How to protect spacecraft from extreme heat during re-entry into Earth’s atmosphere?

   Faculty of Science

Challenges

Upon atmospheric re-entry, spacecraft are exposed to extreme thermal conditions due to several complex physical phenomena. Their thermal protection system (TPS) consists of a barrier or heat shield to insulate the spacecraft and its payload. The challenge is to design a heat shield, reconciling two constraints: it must be thick enough to protect the spacecraft and payload from extreme heat fluxes while still being as light as possible given that mass is an important factor in space launches.

Currently, large safety margins are applied in the design to address errors and uncertainties relating to the phenomenology of the heat flux and its interaction with the shield. This lack of knowledge results in overdimensioning of the shield or, worse, potential loss of the spacecraft.

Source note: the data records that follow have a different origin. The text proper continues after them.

lemma uniform_limit_at_infinity_if_Cauchy:
  fixes f :: "real \<Rightarrow> 'a \<Rightarrow> 'b::complete_space"
  assumes Cauchy: "\<And>e. e > 0 \<Longrightarrow> \<exists>r. \<forall>x\<in>S. \<forall>T U. r \<le> \<bar>T\<bar> \<longrightarrow> r \<le> \<bar>U\<bar> \<longrightarrow> dist (f T x) (f U x) \<le> e"
  shows "uniform_limit S f (\<lambda>x. lim (\<lambda>n. f (real n) x)) at_infinity"
proof (rule uniform_limitI)
  have conv: "(\<lambda>n. f (real n) x) \<longlonglongrightarrow> lim (\<lambda>n. f (real n) x)" if "x \<in> S" for x
  proof -
    have "Cauchy (\<lambda>n. f (real n) x)"
    proof (rule metric_CauchyI)
      fix e :: real assume "e > 0"
      then obtain r where r: "\<forall>T U. r \<le> \<bar>T\<bar> \<longrightarrow> r \<le> \<bar>U\<bar> \<longrightarrow> dist (f T x) (f U x) \<le> e / 2"
        using Cauchy[of "e / 2"] \<open>x \<in> S\<close> by auto
      have "dist (f (real m) x) (f (real n) x) < e" if "nat \<lceil>r\<rceil> \<le> m" "nat \<lceil>r\<rceil> \<le> n" for m n
      proof -
        have "r \<le> \<bar>real m\<bar>" "r \<le> \<bar>real n\<bar>"
          using that by linarith+
        with r have "dist (f (real m) x) (f (real n) x) \<le> e / 2"
          by blast
        with \<open>e > 0\<close> show ?thesis
          by linarith
      qed
      then show "\<exists>M. \<forall>m\<ge>M. \<forall>n\<ge>M. dist (f (real m) x) (f (real n) x) < e"
        by blast
    qed
    then show ?thesis
      by (simp add: Cauchy_convergent_iff convergent_LIMSEQ_iff)
  qed
  fix e :: real assume "e > 0"
  then obtain r where r: "\<forall>x\<in>S. \<forall>T U. r \<le> \<bar>T\<bar> \<longrightarrow> r \<le> \<bar>U\<bar> \<longrightarrow> dist (f T x) (f U x) \<le> e / 2"
    using Cauchy[of "e / 2"] by auto
  show "\<forall>\<^sub>F T in at_infinity. \<forall>x\<in>S. dist (f T x) (lim (\<lambda>n. f (real n) x)) < e"
  proof (rule eventually_at_infinityI, intro ballI)
    fix T :: real and x assume T: "r \<le> norm T" and x: "x \<in> S"
    have "\<forall>\<^sub>F n in sequentially. dist (f T x) (f (real n) x) \<le> e / 2"
      using r x T by (intro eventually_sequentiallyI[of "nat \<lceil>r\<rceil>"]) (auto simp: nat_ceiling_le_eq)
    then have "dist (f T x) (lim (\<lambda>n. f (real n) x)) \<le> e / 2"
      by (intro tendsto_upperbound[OF tendsto_dist[OF tendsto_const conv[OF x]]]) auto
    then show "dist (f T x) (lim (\<lambda>n. f (real n) x)) < e"
      using \<open>e > 0\<close> by linarith
  qed
qed
lemma fin_lin [simp]:
  assumes "fin v" "\<And>m. fin (f m)"
  shows "fin (lin f v)"
proof -
  have "{x. lin f v x \<noteq> 0} \<subseteq> (\<Union>m\<in>{m. v m \<noteq> 0}. {x. f m x \<noteq> 0})"
  proof
    fix x assume "x \<in> {x. lin f v x \<noteq> 0}"
    then obtain m where "v m \<noteq> 0" "v m * f m x \<noteq> 0"
      unfolding lin_def by (auto elim: sum.not_neutral_contains_not_neutral)
    then show "x \<in> (\<Union>m\<in>{m. v m \<noteq> 0}. {x. f m x \<noteq> 0})" by auto
  qed
  moreover have "finite (\<Union>m\<in>{m. v m \<noteq> 0}. {x. f m x \<noteq> 0})"
    using assms by (auto simp: fin_def)
  ultimately show ?thesis unfolding fin_def by (rule finite_subset)
qed

lemma lin_add:
  assumes "fin u" "fin v"
  shows "lin f (\<lambda>w. u w + v w) = (\<lambda>x. lin f u x + lin f v x)"
proof
  fix x
  let ?S = "{m. u m \<noteq> 0} \<union> {m. v m \<noteq> 0}"
  have S: "finite ?S" using assms by (simp add: fin_def)
  have "lin f (\<lambda>w. u w + v w) x = (\<Sum>m\<in>?S. (u m + v m) * f m x)"
    by (rule lin_eq_sum[OF S]) auto
  also have "\<dots> = (\<Sum>m\<in>?S. u m * f m x) + (\<Sum>m\<in>?S. v m * f m x)"
    by (simp add: algebra_simps sum.distrib)
  also have "\<dots> = lin f u x + lin f v x"
    by (subst (1 2) lin_eq_sum[OF S]) auto
  finally show "lin f (\<lambda>w. u w + v w) x = lin f u x + lin f v x" .
qed

lemma lin_smul: "lin f (\<lambda>w. c * u w) = (\<lambda>x. c * lin f u x)"
  by (cases "c = 0") (simp_all add: lin_def sum_distrib_left mult.assoc)

lemma lin_diff:
  assumes "fin u" "fin v"
  shows "lin f (\<lambda>w. u w - v w) = (\<lambda>x. lin f u x - lin f v x)"
proof
  fix x
  let ?S = "{m. u m \<noteq> 0} \<union> {m. v m \<noteq> 0}"
  have fs: "finite ?S" using assms by (simp add: fin_def)
  have "lin f (\<lambda>w. u w - v w) x = (\<Sum>m\<in>?S. (u m - v m) * f m x)"
    by (rule lin_eq_sum[OF fs]) auto
  also have "\<dots> = (\<Sum>m\<in>?S. u m * f m x) - (\<Sum>m\<in>?S. v m * f m x)"
    by (simp add: algebra_simps sum_subtractf)
  also have "\<dots> = lin f u x - lin f v x"
    by (subst (1 2) lin_eq_sum[OF fs]) auto
  finally show "lin f (\<lambda>w. u w - v w) x = lin f u x - lin f v x" .
qed

lemmas lin_linear = lin_add lin_diff lin_smul

lemma lin_zero [simp]: "lin f (\<lambda>w. 0) = (\<lambda>w. 0)"
  by (simp add: lin_def)

lemma lin_fadd: "lin (\<lambda>m w. F m w + G m w) v = (\<lambda>w. lin F v w + lin G v w)"
  by (simp add: lin_def algebra_simps sum.distrib)

lemma lin_fdiff: "lin (\<lambda>m w. F m w - G m w) v = (\<lambda>w. lin F v w - lin G v w)"
  by (simp add: lin_def algebra_simps sum_subtractf)

lemma lin_fsmul: "lin (\<lambda>m w. c * F m w) v = (\<lambda>w. c * lin F v w)"
  by (simp add: lin_def algebra_simps sum_distrib_left)

lemmas lin_family_linear = lin_fadd lin_fdiff lin_fsmul

lemma lin_cong: "(\<And>m. v m \<noteq> 0 \<Longrightarrow> f m = g m) \<Longrightarrow> lin f v = lin g v"
  unfolding lin_def by (auto intro!: sum.cong)

lemma lin_lin:
  assumes "fin v" "\<And>m. fin (g m)"
  shows "lin f (lin g v) = lin (\<lambda>m. lin f (g m)) v"
proof
  fix x
  let ?S = "\<Union>m\<in>{m. v m \<noteq> 0}. {y. g m y \<noteq> 0}"
  have fS: "finite ?S" using assms by (auto simp: fin_def)
  have sub: "{y. lin g v y \<noteq> 0} \<subseteq> ?S"
  proof
    fix y assume "y \<in> {y. lin g v y \<noteq> 0}"
    then have "(\<Sum>m\<in>{m. v m \<noteq> 0}. v m * g m y) \<noteq> 0" by (simp add: lin_def)
    then obtain m where "m \<in> {m. v m \<noteq> 0}" "v m * g m y \<noteq> 0" by (meson sum.neutral)
    then show "y \<in> ?S" by auto
  qed
  have "lin f (lin g v) x = (\<Sum>y\<in>?S. lin g v y * f y x)" by (rule lin_eq_sum[OF fS sub])
  also have "\<dots> = (\<Sum>y\<in>?S. \<Sum>m\<in>{m. v m \<noteq> 0}. v m * g m y * f y x)"
    by (simp add: lin_def sum_distrib_right)
  also have "\<dots> = (\<Sum>m\<in>{m. v m \<noteq> 0}. v m * (\<Sum>y\<in>?S. g m y * f y x))"
    by (subst sum.swap) (simp add: sum_distrib_left mult.assoc)
  also have "\<dots> = (\<Sum>m\<in>{m. v m \<noteq> 0}. v m * lin f (g m) x)"
  proof (rule sum.cong[OF refl])
    fix m assume "m \<in> {m. v m \<noteq> 0}"
    then have "{y. g m y \<noteq> 0} \<subseteq> ?S" by auto
    then show "v m * (\<Sum>y\<in>?S. g m y * f y x) = v m * lin f (g m) x"
      using lin_eq_sum[OF fS, of "g m" f x] by simp
  qed
  finally show "lin f (lin g v) x = lin (\<lambda>m. lin f (g m)) v x" by (simp add: lin_def)
qed

definition shift :: "('a \<Rightarrow> 'a) \<Rightarrow> ('a \<Rightarrow> 'k::field) \<Rightarrow> 'a \<Rightarrow> 'k" where
  "shift \<sigma> = lin (\<lambda>m. unit_vec (\<sigma> m))"

lemma shift_unit_vec [simp]: "shift \<sigma> (unit_vec m) = unit_vec (\<sigma> m)"
  by (simp add: shift_def)

lemma fin_shift [simp]: "fin v \<Longrightarrow> fin (shift \<sigma> v)"
  by (simp add: shift_def)

lemma lin_shift: "fin u \<Longrightarrow> (\<And>m. fin (F m)) \<Longrightarrow> lin F (shift \<sigma> u) = lin (\<lambda>m. F (\<sigma> m)) u"
  by (simp add: shift_def lin_lin)

lemma shift_lin: "fin u \<Longrightarrow> (\<And>m. fin (F m)) \<Longrightarrow> shift \<sigma> (lin F u) = lin (\<lambda>m. shift \<sigma> (F m)) u"
  by (simp add: shift_def lin_lin)

lemma shift_commute:
  "fin v \<Longrightarrow> (\<And>m. \<sigma> (\<tau> m) = \<tau> (\<sigma> m)) \<Longrightarrow> shift \<sigma> (shift \<tau> v) = shift \<tau> (shift \<sigma> v)"
  by (simp add: shift_def lin_lin)

lemma shift_add: "fin u \<Longrightarrow> fin v \<Longrightarrow> shift \<sigma> (\<lambda>w. u w + v w) = (\<lambda>x. shift \<sigma> u x + shift \<sigma> v x)"
  and shift_diff: "fin u \<Longrightarrow> fin v \<Longrightarrow> shift \<sigma> (\<lambda>w. u w - v w) = (\<lambda>x. shift \<sigma> u x - shift \<sigma> v x)"
  and shift_smul: "shift \<sigma> (\<lambda>w. c * u w) = (\<lambda>x. c * shift \<sigma> u x)"
  by (simp_all add: shift_def lin_linear)

lemmas shift_linear = shift_add shift_diff shift_smul
(* Let $X$ be a random vector in $\mathbb{R}^n$ with distribution $p_X$, let $f_{\boldsymbol\eta}:\mathbb{R}^n\to\mathbb{R}^m$ be a deterministic function depending on a parameter $\boldsymbol\eta\in\mathbb{R}^d$, let $t>0$, and let $Z_t\sim\mathcal N(\mathbf 0,t\mathbf I_m)$ be independent of $X$. Define the channel output $Y_t=f_{\boldsymbol\eta}(X)+Z_t$, with marginal density $p_{Y_t,\boldsymbol\eta}$, and its marginal score $s_{Y_t}(\mathbf y)=\nabla_{\mathbf y}\log p_{Y_t,\boldsymbol\eta}(\mathbf y)$. Under standard regularity conditions ($f_{\boldsymbol\eta}$ differentiable with respect to $\boldsymbol\eta$, and differentiation with respect to $\boldsymbol\eta$ may be exchanged with expectation and integration), the gradient of the mutual information with respect to $\boldsymbol\eta$ is $$\nabla_{\boldsymbol\eta} I(X;Y_t) = -\mathbb{E}_{X,Z_t}\!\left[ Df_{\boldsymbol\eta}(X)^\top\, s_{Y_t}\big(f_{\boldsymbol\eta}(X)+Z_t\big)\right],$$ where $Df_{\boldsymbol\eta}(\mathbf x)\in\mathbb{R}^{m\times d}$ denotes the Jacobian of $\boldsymbol\eta\mapsto f_{\boldsymbol\eta}(\mathbf x)$ with respect to $\boldsymbol\eta$, i.e. $[Df_{\boldsymbol\eta}(\mathbf x)]_{ij}=\partial f_{\boldsymbol\eta,i}(\mathbf x)/\partial\eta_j$.
   Context: $I(\cdot;\cdot)$ denotes mutual information (natural logarithms). The marginal density $p_{Y_t,\boldsymbol\eta}$ of $Y_t$ depends on $\boldsymbol\eta$ through $f_{\boldsymbol\eta}$. *)

theory Defs
  imports "HOL-Analysis.Analysis" "HOL-Probability.Probability"
begin

definition gauss_dens :: "real \<Rightarrow> real^'m \<Rightarrow> real" where
  "gauss_dens t z = (2 * pi * t) powr (- real CARD('m) / 2) * exp (- (norm z)\<^sup>2 / (2 * t))"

A better understanding of atmospheric re-entry phenomena would enable further optimisation of the spacecraft, reducing launch costs in the process.

UCLouvain’s contribution

At UCLouvain, Professor Philippe Chatelain is a specialist in aeronautics and fluid dynamics. As part of a collaboration with the Cenaero research centre, the von Karman Institute, and the ULB (Université Libre de Bruxelles), Professor Chatelain is working on advanced digital simulation techniques that reproduce the turbulence, hypersonic shocks, chemical reactions and ablation phenomena to which the heat shield is subjected when exposed to this flux.

These models and simulations contribute to a better understanding of a highly complex phenomenology. This, in turn, leads to improvements in the design of the thermal protection shield and better anticipation of ablation and the resulting temperature increases.

Contributors : Julien Klauner and Philippe Chatelain (UCLouvain/iMMC), Pierre Schrooyen (Institut von Karman), David Henneaux (Cenaero) and Thierry Magin (ULB)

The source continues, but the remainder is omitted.